David Sylvester avatar

David Sylvester

Hi Caroline......All of your columns are great---especially today's. A good reminder for me to reach out (even if I don't feel like it) and try to be a positive force wherever I go in the day!!
------your 360 pal
------Dave S (alias das23)😀

Caroline Gainer avatar

Caroline Gainer

Thank-you, Dave. I see you spreading sunshine on COPD360.

Paul Gregory avatar

Paul Gregory

Dear Caroline,
I'm joining your cause even though I don't have the courage to run two extreme disadvantages at present. I've 18%of lung functionality
and am about to discover that I will also have to wear a Catheter for my urine for the rest of my existence on this planet ! I fear this will be confirmed by my Urologist this coming Monday the 29th.

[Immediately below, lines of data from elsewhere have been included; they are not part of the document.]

lemma C_next_subset_D: "C_next \<subseteq> D"
  unfolding C_next_def ssum_def using hD_subset_D lsubspace_add[OF D_lsubspace] by blast

lemma C_next_lsubspace: "lsubspace (pscale sc0W) C_next"
  unfolding C_next_def
  by (rule W.lsubspace_pscale_ssum[OF hD_lsubspace lsubspace_Int[OF R_lsubspace D_lsubspace]])

lemma C_next_Ylevel: "x \<in> C_next \<Longrightarrow> Ylevel (Suc k) u x m \<in> C_next"
  unfolding C_next_def
  by (rule ssum_closed[where F = "\<lambda>x. Ylevel (Suc k) u x m", rotated 3])
    (auto simp: Ylevel_add_right hD_Ylevel R_Ylevel D_Ylevel)

lemma C_next_hmul: "x \<in> C_next \<Longrightarrow> hmul (Suc k) f x \<in> C_next"
proof -
  assume x: "x \<in> C_next"
  then have "x \<in> D"
    using C_next_subset_D by blast
  then have "hmul (Suc k) (hmon 1) (hmul (Suc k) (\<lambda>i. f (Suc i)) x) + 0 \<in> C_next"
    unfolding C_next_def ssum_def hD_def
    using D_hmul lsubspace_zero[OF lsubspace_Int[OF R_lsubspace D_lsubspace]] by blast
  moreover have "pscale sc0W (f 0) x \<in> C_next"
    using lsubspace_scale[OF C_next_lsubspace x] .
  ultimately show ?thesis
    using hmul_split[of x "Suc k" f] \<open>x \<in> D\<close> D_subset lsubspace_add[OF C_next_lsubspace]
    by (auto simp: add.commute)
qed

lemma T_inter_hD: "T \<inter> hD \<subseteq> {0}"
proof
  fix a
  assume a: "a \<in> T \<inter> hD"
  then obtain d where d: "d \<in> D" "a = hmul (Suc k) (hmon 1) d"
    unfolding hD_def by blast
  have "trunc k d \<in> W1_level k"
    using W1_level_divide_h a d by (auto simp: T_def)
  moreover have "trunc k d \<in> C"
    using d by (auto simp: D_def)
  ultimately have "trunc k d = 0"
    using W1_level_inter_C by blast
  then show "a \<in> {0}"
    using d(2) unfolding hmul_hmon_Suc trunc_Suc_hpow_1 by (simp add: hpow_def fun_eq_iff)
qed

lemma W1_level_inter_C_next: "W1_level (Suc k) \<inter> C_next = {0}"
proof
  show "{0} \<subseteq> W1_level (Suc k) \<inter> C_next"
    using lsubspace_zero[OF W1_level_lsubspace] lsubspace_zero[OF C_next_lsubspace] by blast
next
  show "W1_level (Suc k) \<inter> C_next \<subseteq> {0}"
  proof
    fix y
    assume y: "y \<in> W1_level (Suc k) \<inter> C_next"
    then have "trunc k y \<in> W1_level k \<inter> C"
      using trunc_W1_level[of k "Suc k"] C_next_subset_D by (auto simp: D_def)
    then have yT: "y \<in> T"
      using y W1_level_inter_C by (auto simp: T_def)
    obtain a r where ar: "y = a + r" "a \<in> hD" "r \<in> R" "r \<in> D"
      using y unfolding C_next_def ssum_def by blast
    have "y + pscale sc0W (-1) a \<in> S"
      unfolding S_def ssum_def using yT lsubspace_scale[OF hD_lsubspace ar(2)] by blast
    then have "r \<in> S \<inter> R"
      using ar by (simp add: W.pscale_minus_one)
    then have "r = 0"
      using R_complement(2) by blast
    then show "y \<in> {0}"
      using T_inter_hD ar yT by auto
  qed
qed

lemma C_next_span: "hbelow (Suc k) = ssum (W1_level (Suc k)) C_next"
proof
  show "ssum (W1_level (Suc k)) C_next \<subseteq> hbelow (Suc k)"
    unfolding ssum_def using W1_level_subset C_next_subset_D D_subset lsubspace_add[OF hbelow_lsubspace]
    by blast
next
  show "hbelow (Suc k) \<subseteq> ssum (W1_level (Suc k)) C_next"
  proof
    fix x :: "nat \<Rightarrow> 'w"
    assume x: "x \<in> hbelow (Suc k)"
    obtain a c where ac: "trunc k x = a + c" "a \<in> W1_level k" "c \<in> C"
      using C_span trunc_in_hbelow unfolding ssum_def by blast
    then obtain w where w: "w \<in> W1" "a = trunc k w"
      by (auto simp: W1_level_def)
    define y where "y = trunc (Suc k) w"
    have y: "y \<in> W1_level (Suc k)"
      using w by (auto simp: W1_level_def y_def)
    have "x - y \<in> D"
      using ac w W.lsubspace_diff[OF hbelow_lsubspace x] W1_level_subset y
      by (auto simp: D_def y_def trunc_diff trunc_trunc)
    then obtain s r where sr: "x - y = s + r" "s \<in> S" "r \<in> R"
      using R_complement(3) D_subset unfolding ssum_def by blast
    obtain t b where tb: "s = t + b" "t \<in> T" "b \<in> hD"
      using sr(2) unfolding S_def ssum_def by blast
    have "s \<in> D"
      using tb T_subset_D hD_subset_D lsubspace_add[OF D_lsubspace] by blast
    then have "r \<in> D"
      using W.lsubspace_diff[OF D_lsubspace \<open>x - y \<in> D\<close>] sr(1) by (metis add_diff_cancel_left')
    then have "b + r \<in> C_next"
      unfolding C_next_def ssum_def using tb sr by blast
    moreover have "y + t \<in> W1_level (Suc k)"
      using lsubspace_add[OF W1_level_lsubspace y] tb T_subset_W1_level by blast
    moreover have "x = (y + t) + (b + r)"
      using sr tb by (simp add: algebra_simps)
    ultimately show "x \<in> ssum (W1_level (Suc k)) C_next"
      unfolding ssum_def by blast
  qed
qed

lemma C_next_level_complement: "level_complement (Suc k) C_next"
  unfolding level_complement_def
  using C_next_subset_D D_subset C_next_lsubspace C_next_Ylevel C_next_hmul
    W1_level_inter_C_next C_next_span
  by blast

lemma trunc_C_next: "trunc k ` C_next \<subseteq> C"
  using C_next_subset_D by (auto simp: D_def)

end

context complement_setting
begin

lemma level_complement_lift:
  assumes "level_complement k C"
  shows "\<exists>C'. level_complement (Suc k) C' \<and> trunc k ` C' \<subseteq> C"
proof -
  interpret complement_lift sc0W sc0V Y0 vac0 YW W1 k C
    by unfold_locales (fact assms)
  show ?thesis
    using C_next_level_complement trunc_C_next by blast
qed

end

context complement_setting
begin

lemma level_complement_subset: "level_complement k C \<Longrightarrow> C \<subseteq> hbelow k"
  unfolding level_complement_def by blast

lemma level_complement_component_unique:
  assumes C: "level_complement k C"
    and "b \<in> C" "x - b \<in> W1_level k" "b' \<in> C" "x - b' \<in> W1_level k"
  shows "b = b'"
proof -
  have C_lsubspace: "lsubspace (pscale sc0W) C" and C_inter: "W1_level k \<inter> C = {0}"
    using C by (auto simp: level_complement_def)
  have "(x - b') - (x - b) \<in> W1_level k"
    using W.lsubspace_diff[OF W1_level_lsubspace] assms by blast
  moreover have "b - b' \<in> C"
    using W.lsubspace_diff[OF C_lsubspace] assms by blast
  moreover have "(x - b') - (x - b) = b - b'"
    by simp
  ultimately have "b - b' \<in> W1_level k \<inter> C"
    by simp
  then show ?thesis
    using C_inter by simp
qed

Oh dear...I do admire your philosophy though.
I'm 79 this year and its a terrible struggle.

Caroline Gainer avatar

Caroline Gainer

I am so sorry that you may need to have a catheter. Though my plan does not make the physical situation better, it does make it eassier to deal with.

Karen Hunt avatar

Karen Hunt

Your column has inspired me to go back to making cards. I’m going to open my big box of scrap papers to collage cards again to send to my people. Creativity has been dormant to long!

Kitty Hays avatar

Kitty Hays

I never heard you speak on the Zehphy Valve, may I ask why? Have you heard of it?